Sivers is adamant about maintaining equality among artists on CD Baby, to the point where he says he’s refused to sponsor artists’ tours or invest in artists’ projects. The site does feature a few albums on its front page and in its "Editors’ Picks" section and there are several posts on CD Baby Talkback bemoaning the perceived "preferential treatment" given albums that make those sections.

According to Sivers, those features were added only after customers requested them, and he claims that being featured on the front page has no effect on sales. "I’ve double- and triple-checked this for years, and being on the front page does not sell a single CD," he says. CD Baby reports to Soundscan and lists both its weekly and all-time top sellers on the site, though without dollar or unit sales figures.

"It’s a simple, straightforward, no flash machine run by folks who genuinely want us indies to make it," Bailey says. "I’m married with two kids, and music has been my full time career for seven years. I couldn’t have done it without CD Baby, period."

Springboarding from the success of his original site, Sivers recently added sister site, cdbaby.net, which features links to marketing, management, and career resources for aspiring musicians. He now devotes most of his time to running the recently launched hostbaby.net, which offers affordable web site hosting for musicians.

"I just set out to take everything I had learned in creating CD Baby and use it to help a musician make a great web site," Sivers says. Most artists’ web sites are really bad, not the best representation of their music and perhaps even hurting them more than helping them."

For $20 per month, CD Baby web designers help artists design their sites, with online tutorials to guide them through musician-targeted features like creating a concert calendar, setting up streaming audio, and email lists.

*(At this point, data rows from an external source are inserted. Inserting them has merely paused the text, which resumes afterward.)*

(* Let $(\Omega,\Sigma,P)$ be an atomless probability space with a filtration $\mathcal{F}=\{\mathcal{F}_n\}_{n\ge 0}$ such that each $\mathcal{F}_n$ is generated by an at most countable family $\mathcal{A}(\mathcal{F}_n)$ of atoms and $\bigcup_n\mathcal{F}_n$ generates $\Sigma$. Let $\alpha\in(0,1)$, $1<p<q<\infty$, $\frac1p-\frac1q=\alpha$. Define $$b_n=\sum_{w\in\mathcal{A}(\mathcal{F}_n)}P(w)\chi_w,\qquad \tilde b_n(x)=\inf\{b_n(y): y\in\omega\}\ \text{ for } x\in\omega\in\mathcal{A}(\mathcal{F}_{n-1}),$$ and for a random variable $F$ with martingale $F_n=\mathbb{E}(F\mid\mathcal{F}_n)$ and differences $\Delta F_n=F_n-F_{n-1}$ ($n\ge1$) put $$\tilde{I}_\alpha[F]=\sum_{n=1}^\infty \tilde b_n^{\alpha}\,\Delta F_n,\qquad I^{\mathcal{A}}_\alpha[F]=\sum_{n=1}^\infty b_n^{\alpha}\,\Delta F_n.$$ Then both operators $\tilde I_\alpha$ and $I^{\mathcal{A}}_\alpha$ map $L_p$ to $L_q$ continuously: there is a constant $C$ (independent of $F$) such that $\|\tilde I_\alpha[F]\|_{L_q}\le C\|F\|_{L_p}$ and $\|I^{\mathcal{A}}_\alpha[F]\|_{L_q}\le C\|F\|_{L_p}$ for all $F\in L_p$.
   Context: A simple function is a random variable that is $\mathcal{F}_N$-measurable for some $N$; for such $F$ the sums above are finite. The operators are considered as linear maps between function spaces: the inequality is established for simple functions and the operators are extended to $L_p$ by density (equivalently, the series converge almost surely for $F\in L_p$ and the bounds hold). *)

theory Defs
  imports "HOL-Probability.Probability"
begin

definition is_atom :: "'a measure \<Rightarrow> 'a measure \<Rightarrow> 'a set \<Rightarrow> bool" where
  "is_atom M G B \<longleftrightarrow> B \<in> sets G \<and> measure M B > 0 \<and>
     (\<forall>C\<in>sets G. C \<subseteq> B \<longrightarrow> measure M C = 0 \<or> measure M C = measure M B)"

definition atomless :: "'a measure \<Rightarrow> bool" where
  "atomless M \<longleftrightarrow> (\<forall>A\<in>sets M. measure M A > 0 \<longrightarrow>
     (\<exists>B\<in>sets M. B \<subseteq> A \<and> 0 < measure M B \<and> measure M B < measure M A))"

definition bfun :: "'a measure \<Rightarrow> (nat \<Rightarrow> 'a set set) \<Rightarrow> nat \<Rightarrow> 'a \<Rightarrow> real" where
  "bfun M A n x = infsum (\<lambda>w. measure M w * indicator w x) (A n)"

definition btilde :: "'a measure \<Rightarrow> (nat \<Rightarrow> 'a set set) \<Rightarrow> nat \<Rightarrow> 'a \<Rightarrow> real" where
  "btilde M A n x = infsum (\<lambda>\<omega>. indicator \<omega> x * (INF y\<in>\<omega>. bfun M A n y)) (A (n - 1))"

HostBaby will also register and keep current a domain name for an additional $10 per year, and offers disk space beyond the included 500MB at a rate of $10 per additional 500MB.

To date, Host Baby services nearly 2,000 customers, according to Sivers.

Last year, CD Baby entered an agreement with Apple’s iTunes, a move that some perceived as an indication that the notoriously maverick-minded Sivers was getting in bed with a corporation. "The only change in CD Baby culture we had to make in order to do this big digital distribution thing was having our first contract," Sivers says iTunes gives Apple a wholesale rate of 65 cents per song or $6.50 per album, out of which CD Baby keeps 9%. (CD Baby has digital distribution deals with other sites—including Emusic, Rhapsody, and MusicMatch—and details of those agreements can be found at http://cdbaby.net/dd.)

"I worked at Warner Brothers for a few years, so I know how to finagle the big beasts," he says. "It’s slow. It’s learning how there are nine different people handling different aspects of our account, and how to appeal to each one, in order to get something done."

Silvers sums up his company’s philosophy this way: "when artists are ready to make a good living from selling their music to the world, and skip all the sharks that run the old-school music biz, we’re glad to be here for them."